▼

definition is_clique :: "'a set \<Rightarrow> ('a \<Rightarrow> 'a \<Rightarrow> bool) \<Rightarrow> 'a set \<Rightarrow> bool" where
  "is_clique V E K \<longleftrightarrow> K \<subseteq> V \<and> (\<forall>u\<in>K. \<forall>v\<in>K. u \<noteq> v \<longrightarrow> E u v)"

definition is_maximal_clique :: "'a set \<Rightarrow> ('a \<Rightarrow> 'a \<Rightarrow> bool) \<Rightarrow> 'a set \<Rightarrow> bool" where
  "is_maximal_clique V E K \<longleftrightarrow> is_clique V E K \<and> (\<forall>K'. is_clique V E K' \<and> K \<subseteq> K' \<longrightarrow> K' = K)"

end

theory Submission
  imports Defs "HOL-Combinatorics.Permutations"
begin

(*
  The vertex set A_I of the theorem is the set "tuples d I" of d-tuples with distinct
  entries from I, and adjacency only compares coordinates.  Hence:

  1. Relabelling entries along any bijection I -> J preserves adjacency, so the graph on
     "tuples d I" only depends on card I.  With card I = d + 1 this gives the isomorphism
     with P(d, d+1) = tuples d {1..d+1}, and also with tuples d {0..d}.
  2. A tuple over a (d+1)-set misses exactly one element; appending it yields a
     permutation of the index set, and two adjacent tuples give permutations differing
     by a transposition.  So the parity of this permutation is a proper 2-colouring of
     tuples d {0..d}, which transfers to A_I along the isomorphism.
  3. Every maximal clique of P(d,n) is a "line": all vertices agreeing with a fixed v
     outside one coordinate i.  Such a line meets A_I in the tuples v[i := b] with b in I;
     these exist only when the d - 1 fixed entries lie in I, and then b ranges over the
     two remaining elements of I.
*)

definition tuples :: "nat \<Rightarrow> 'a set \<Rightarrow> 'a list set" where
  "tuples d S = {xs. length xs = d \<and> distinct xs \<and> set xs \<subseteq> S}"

▲

WORK INSTRUCTION: Reproduce every line above containing "isomorphism".

EXERCISE ANSWER:
     "tuples d I" only depends on card I.  With card I = d + 1 this gives the isomorphism
     tuples d {0..d}, which transfers to A_I along the isomorphism.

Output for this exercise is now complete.